Someone recently asked me why I collect telephones from the late 1960's to the middle 1970's, and I responded because that is the period when I worked for the phone company. However that isn't quite the right answer.

This morning I got to wondering what the true reasons were and I came to the following conclusions.

My father was a professional portrait photographer. He inherited my grandfather's business when he died in 1942, and my father continued in the same studio in Rocky Mount, North Carolina. In the late 1950's, the business essentially dried up. I found out many years later, that for the year 1959, my father's entire gross income was $15. In 1960, he found a job as a photographer with the Smithsonian Institution in Washington DC so we moved to Northern Virginia. From this story you can get an idea that, at that time, we were fairly poor, and as a result dad was very careful with his spending.

In 1965, after dad had recovered his finances, we moved to a new house about 20 miles away. To save money, our phone service was a party line and we had a standard black rotary 500 telephone set in the basement rec room. Dad splurged and got a second phone for the kitchen upstairs, again a black rotary 554 wall set. Our service for the 2 sets was about $10 a month, still for us, a big expense. As a comparison, the mortgage on the house was about $125 a month. Touch Tone service was available at the new house but that cost an extra $1 a month. Colored sets were also available but cost another $1 month, so we had no Touch Tone or colored phones in the house. I begged several times to get Touch Tone service, but dad wouldn't spend the extra money on something he considered a luxury.

Something that was cool and just out of reach, is always desirable to someone who can't have it. And these sets being push button and a new technology made my desires to have them even stronger.

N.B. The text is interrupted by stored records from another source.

text \<open>The gap is exactly the slack \<open>\<Sum>i\<in>F \<inter> G. 1 - x i\<close> plus the mass outside \<open>F \<union> G\<close>.\<close>
lemma cube_slice_sum_pair_le:
  fixes x :: "'a \<Rightarrow> real"
  assumes "finite E" "F \<subseteq> E" "G \<subseteq> E" "x \<in> cube_slice m E"
  shows "(\<Sum>i\<in>F. x i) + (\<Sum>i\<in>G. x i) \<le> of_int m + card (F \<inter> G)"
    and "(\<Sum>i\<in>F. x i) + (\<Sum>i\<in>G. x i) = of_int m + card (F \<inter> G) \<Longrightarrow>
      (\<forall>i\<in>F \<inter> G. x i = 1) \<and> (\<forall>i\<in>E - (F \<union> G). x i = 0)"
proof -
  have box: "\<forall>i\<in>E. 0 \<le> x i \<and> x i \<le> 1" and total: "(\<Sum>i\<in>E. x i) = of_int m"
    using assms(4) unfolding cube_slice_def by blast+
  have fin: "finite (F \<inter> G)" "finite (E - (F \<union> G))" using assms(1,2) by (auto intro: finite_subset)
  have slack_FG: "0 \<le> (\<Sum>i\<in>F \<inter> G. 1 - x i)" and slack_out: "0 \<le> (\<Sum>i\<in>E - (F \<union> G). x i)"
    using box assms(2,3) by (auto intro!: sum_nonneg)
  have eq: "(\<Sum>i\<in>F. x i) + (\<Sum>i\<in>G. x i) + (\<Sum>i\<in>F \<inter> G. 1 - x i) + (\<Sum>i\<in>E - (F \<union> G). x i)
      = of_int m + card (F \<inter> G)"
    using sum_Venn_split [OF assms(1-3), of x] total by (simp add: sum_subtractf)
  then show "(\<Sum>i\<in>F. x i) + (\<Sum>i\<in>G. x i) \<le> of_int m + card (F \<inter> G)"
    using slack_FG slack_out by linarith
  assume "(\<Sum>i\<in>F. x i) + (\<Sum>i\<in>G. x i) = of_int m + card (F \<inter> G)"
  then have "(\<Sum>i\<in>F \<inter> G. 1 - x i) = 0" "(\<Sum>i\<in>E - (F \<union> G). x i) = 0"
    using eq slack_FG slack_out by linarith+
  then show "(\<forall>i\<in>F \<inter> G. x i = 1) \<and> (\<forall>i\<in>E - (F \<union> G). x i = 0)"
    using box assms(2,3) sum_nonneg_eq_0_iff [OF fin(1), of "\<lambda>i. 1 - x i"]
      sum_nonneg_eq_0_iff [OF fin(2), of x] by auto
qed

lemma hypersimplex_Hge_pair_empty:
  fixes k r s :: nat
  assumes "finite E" "F \<subseteq> E" "G \<subseteq> E" "k + card (F \<inter> G) < r + s"
  shows "hypersimplex (int k) E \<inter> Hge F (real r) \<inter> Hge G (real s) = {}"
  using cube_slice_sum_pair_le(1) [OF assms(1-3)] assms(4)
  by (force simp: hypersimplex_eq_cube_slice [OF assms(1)] Hge_def)

lemma hypersimplex_Hge_pair_tight:
  fixes k r s :: nat
  assumes "finite E" "F \<subseteq> E" "G \<subseteq> E" "r + s = k + card (F \<inter> G)"
    and "x \<in> hypersimplex (int k) E \<inter> Hge F (real r) \<inter> Hge G (real s)"
  shows "(\<Sum>i\<in>F. x i) = r" "(\<Sum>i\<in>G. x i) = s" "\<forall>i\<in>F \<inter> G. x i = 1" "\<forall>i\<in>E - (F \<union> G). x i = 0"
proof -
  have x: "x \<in> cube_slice k E" "r \<le> (\<Sum>i\<in>F. x i)" "s \<le> (\<Sum>i\<in>G. x i)"
    using assms(5) unfolding hypersimplex_eq_cube_slice [OF assms(1)] Hge_def by auto
  moreover have "real r + real s = real k + card (F \<inter> G)" using assms(4) by (metis of_nat_add)
  ultimately show "(\<Sum>i\<in>F. x i) = r" "(\<Sum>i\<in>G. x i) = s"
    using cube_slice_sum_pair_le(1) [OF assms(1-3) x(1)] by simp_all
  then have "(\<Sum>i\<in>F. x i) + (\<Sum>i\<in>G. x i) = of_int (int k) + card (F \<inter> G)"
    using \<open>real r + real s = real k + card (F \<inter> G)\<close> by simp
  then show "\<forall>i\<in>F \<inter> G. x i = 1" "\<forall>i\<in>E - (F \<union> G). x i = 0"
    using cube_slice_sum_pair_le(2) [OF assms(1-3) x(1)] by blast+
qed

lemma hypersimplex_Hge_pair_eq_Heq:
  fixes k r s :: nat
  assumes "finite E" "F \<subseteq> E" "G \<subseteq> E" "r + s = k + card (F \<inter> G)"
  shows "hypersimplex (int k) E \<inter> Hge F (real r) \<inter> Hge G (real s) =
    hypersimplex (int k) E \<inter> Heq F (real r) \<inter> Heq G (real s)"
proof (intro set_eqI iffI)
  fix x assume x: "x \<in> hypersimplex (int k) E \<inter> Hge F (real r) \<inter> Hge G (real s)"
  then show "x \<in> hypersimplex (int k) E \<inter> Heq F (real r) \<inter> Heq G (real s)"
    using hypersimplex_Hge_pair_tight(1,2) [OF assms x] unfolding Heq_def Hle_def by simp
qed (auto simp: Heq_def)

lemma hypersimplex_Hge_pair_subset_face:
  fixes k r s :: nat
  assumes "finite E" "F \<subseteq> E" "G \<subseteq> E" "r + s = k + card (F \<inter> G)"
    and Q: "x \<in> hypersimplex (int k) E \<inter> Hge F (real r) \<inter> Hge G (real s)"
  shows "(\<forall>i. i \<notin> (F - G) \<union> (G - F) \<longrightarrow> x i = indicator (F \<inter> G) i)"
    and "restr (F - G) x \<in> hypersimplex (int r - int (card (F \<inter> G))) (F - G)"
    and "restr (G - F) x \<in> hypersimplex (int s - int (card (F \<inter> G))) (G - F)"
proof -
  have fin: "finite (F - G)" "finite (G - F)" using assms(1-3) by (auto intro: finite_subset)
  note tight = hypersimplex_Hge_pair_tight [OF assms]
  have x: "x \<in> cube_slice k E" using Q hypersimplex_eq_cube_slice [OF assms(1)] by blast
  then show "\<forall>i. i \<notin> (F - G) \<union> (G - F) \<longrightarrow> x i = indicator (F \<inter> G) i"
    using tight(3,4) unfolding cube_slice_def by (auto simp: indicator_def)
  have "(\<Sum>i\<in>F \<inter> G. x i) = card (F \<inter> G)" using tight(3) by simp
  then have "(\<Sum>i\<in>F - G. x i) = real r - card (F \<inter> G)" "(\<Sum>i\<in>G - F. x i) = real s - card (F \<inter> G)"
    using sum_Venn_split(1,2) [OF assms(1-3), of x] tight(1,2) by linarith+
  then show "restr (F - G) x \<in> hypersimplex (int r - int (card (F \<inter> G))) (F - G)"
    and "restr (G - F) x \<in> hypersimplex (int s - int (card (F \<inter> G))) (G - F)"
    using x assms(2,3) unfolding restr_in_hypersimplex_iff [OF fin(1)] restr_in_hypersimplex_iff [OF fin(2)]
      cube_slice_def by auto
qed

lemma face_subset_hypersimplex_Hge_pair:
  fixes k r s :: nat
  assumes "finite E" "F \<subseteq> E" "G \<subseteq> E" "r + s = k + card (F \<inter> G)"
    and out: "\<And>i. i \<notin> (F - G) \<union> (G - F) \<Longrightarrow> x i = indicator (F \<inter> G) i"
    and "restr (F - G) x \<in> hypersimplex (int r - int (card (F \<inter> G))) (F - G)"
    and "restr (G - F) x \<in> hypersimplex (int s - int (card (F \<inter> G))) (G - F)"
  shows "x \<in> hypersimplex (int k) E \<inter> Hge F (real r) \<inter> Hge G (real s)"
proof -
  have fin: "finite (F - G)" "finite (G - F)" using assms(1-3) by (auto intro: finite_subset)
  have pieces: "\<forall>i\<in>F - G. 0 \<le> x i \<and> x i \<le> 1" "(\<Sum>i\<in>F - G. x i) = real r - card (F \<inter> G)"
    "\<forall>i\<in>G - F. 0 \<le> x i \<and> x i \<le> 1" "(\<Sum>i\<in>G - F. x i) = real s - card (F \<inter> G)"
    using assms(6,7) unfolding restr_in_hypersimplex_iff [OF fin(1)] restr_in_hypersimplex_iff [OF fin(2)]
    by auto
  have "real r + real s = real k + card (F \<inter> G)" using assms(4) by (metis of_nat_add)
  moreover have "(\<Sum>i\<in>F \<inter> G. x i) = card (F \<inter> G)" using out by simp
  moreover have "(\<Sum>i\<in>E - (F \<union> G). x i) = 0" using out by (simp add: indicator_def)
  ultimately have "(\<Sum>i\<in>E. x i) = k" "(\<Sum>i\<in>F. x i) = r" "(\<Sum>i\<in>G. x i) = s"
    using sum_Venn_split [OF assms(1-3), of x] pieces(2,4) by linarith+
  moreover have "x i = 0" if "i \<notin> E" for i
  proof -
    have "i \<notin> F" "i \<notin> G" using that assms(2,3) by auto
    then show ?thesis using out [of i] by simp
  qed
  moreover have "0 \<le> x i \<and> x i \<le> 1" if "i \<in> E" for i
    using pieces(1,3) out [of i] by (cases "i \<in> (F - G) \<union> (G - F)") (auto simp: indicator_def)
  ultimately show ?thesis
    unfolding hypersimplex_eq_cube_slice [OF assms(1)] cube_slice_def Hge_def by auto
qed

lemma hypersimplex_Hge_pair_eq_face:
  fixes k r s :: nat
  assumes "finite E" "F \<subseteq> E" "G \<subseteq> E" "r + s = k + card (F \<inter> G)"
  shows "hypersimplex (int k) E \<inter> Hge F (real r) \<inter> Hge G (real s) =
    {x. (\<forall>i. i \<notin> (F - G) \<union> (G - F) \<longrightarrow> x i = indicator (F \<inter> G) i) \<and>
        restr (F - G) x \<in> hypersimplex (int r - int (card (F \<inter> G))) (F - G) \<and>
        restr (G - F) x \<in> hypersimplex (int s - int (card (F \<inter> G))) (G - F)}"
  using hypersimplex_Hge_pair_subset_face [OF assms] face_subset_hypersimplex_Hge_pair [OF assms]
  by blast

lemma simplex_product_Venn:
  assumes "finite E" "F \<subseteq> E" "G \<subseteq> E"
  shows "simplex_product [(int (card (F \<inter> G)), F \<inter> G), (m, F - G), (m', G - F), (0, E - (F \<union> G))] =
    {x. (\<forall>i. i \<notin> (F - G) \<union> (G - F) \<longrightarrow> x i = indicator (F \<inter> G) i) \<and>
        restr (F - G) x \<in> hypersimplex m (F - G) \<and> restr (G - F) x \<in> hypersimplex m' (G - F)}"
proof -
  have fin: "finite (F \<inter> G)" "finite (E - (F \<union> G))" using assms(1,2) by (auto intro: finite_subset)
  have U: "F \<inter> G \<union> ((F - G) \<union> ((G - F) \<union> (E - (F \<union> G)))) = E" using assms(2,3) by auto
  have fixed: "((\<forall>i. i \<notin> E \<longrightarrow> x i = 0) \<and> (\<forall>i\<in>F \<inter> G. x i = 1) \<and> (\<forall>i\<in>E - (F \<union> G). x i = 0)) \<longleftrightarrow>
      (\<forall>i. i \<notin> (F - G) \<union> (G - F) \<longrightarrow> x i = indicator (F \<inter> G) i)" for x :: "'a \<Rightarrow> real"
    using assms(2,3) by (auto simp: indicator_def)
  have mem: "x \<in> simplex_product [(int (card (F \<inter> G)), F \<inter> G), (m, F - G), (m', G - F), (0, E - (F \<union> G))]
      \<longleftrightarrow> (\<forall>i. i \<notin> E \<longrightarrow> x i = 0) \<and> restr (F \<inter> G) x \<in> hypersimplex (int (card (F \<inter> G))) (F \<inter> G) \<and>
        restr (F - G) x \<in> hypersimplex m (F - G) \<and> restr (G - F) x \<in> hypersimplex m' (G - F) \<and>
        restr (E - (F \<union> G)) x \<in> hypersimplex 0 (E - (F \<union> G))" for x
    unfolding simplex_product_def by (simp add: U)
  show ?thesis
  proof (intro set_eqI)
    fix x :: "'a \<Rightarrow> real"
    show "x \<in> simplex_product [(int (card (F \<inter> G)), F \<inter> G), (m, F - G), (m', G - F), (0, E - (F \<union> G))] \<longleftrightarrow>
      x \<in> {x. (\<forall>i. i \<notin> (F - G) \<union> (G - F) \<longrightarrow> x i = indicator (F \<inter> G) i) \<and>
        restr (F - G) x \<in> hypersimplex m (F - G) \<and> restr (G - F) x \<in> hypersimplex m' (G - F)}"
      unfolding mem mem_Collect_eq fixed [of x, symmetric]
        restr_in_hypersimplex_card_iff [OF fin(1)] restr_in_hypersimplex_zero_iff [OF fin(2)]
      by blast
  qed
qed

lemma hypersimplex_Hge_pair_eq_simplex_product:
  fixes k r s :: nat
  assumes "finite E" "F \<subseteq> E" "G \<subseteq> E" "r + s = k + card (F \<inter> G)"
  shows "hypersimplex (int k) E \<inter> Hge F (real r) \<inter> Hge G (real s) =
    simplex_product [(int (card (F \<inter> G)), F \<inter> G), (int r - int (card (F \<inter> G)), F - G),
      (int s - int (card (F \<inter> G)), G - F), (0, E - (F \<union> G))]"
  unfolding hypersimplex_Hge_pair_eq_face [OF assms] simplex_product_Venn [OF assms(1-3)] ..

When I began working for the phone company in 1972, I was surrounded by all those neat gadgets that were so much desired. With an employe discount, I was able to get a second phone line installed in the house, along with Touch Tone service and a beige 2 line 2555 wall set in the kitchen. However, most of the really nifty stuff was still out of my reach. Multi line office phones, speaker phones, answering machines, card dialers etc. were candy in my eyes but just too expensive for a fellow earning only $1.60 an hour, even if that was the highest paying job I had until about 1980.

Then, of course, the Bell System was broken up and Western Electric went out of business. By the time I could actually afford those fancy phones, they were no longer available... until recently when I discovered E-bay.

I like to collect Western Electric phones from the late 1960's and early 70's because those were the last generation of phones produced before electronics began to come into individual sets. In these phones, you can still SEE the circuits and how they worked. In the next generation of equipment the individual wires began to disappear, being replaced with integrated circuits. While the newer equipment offers many more features and simpler manufacturing and service (throw it away and buy a new one) I like being able to trace the wires and to follow exactly how the circuit works.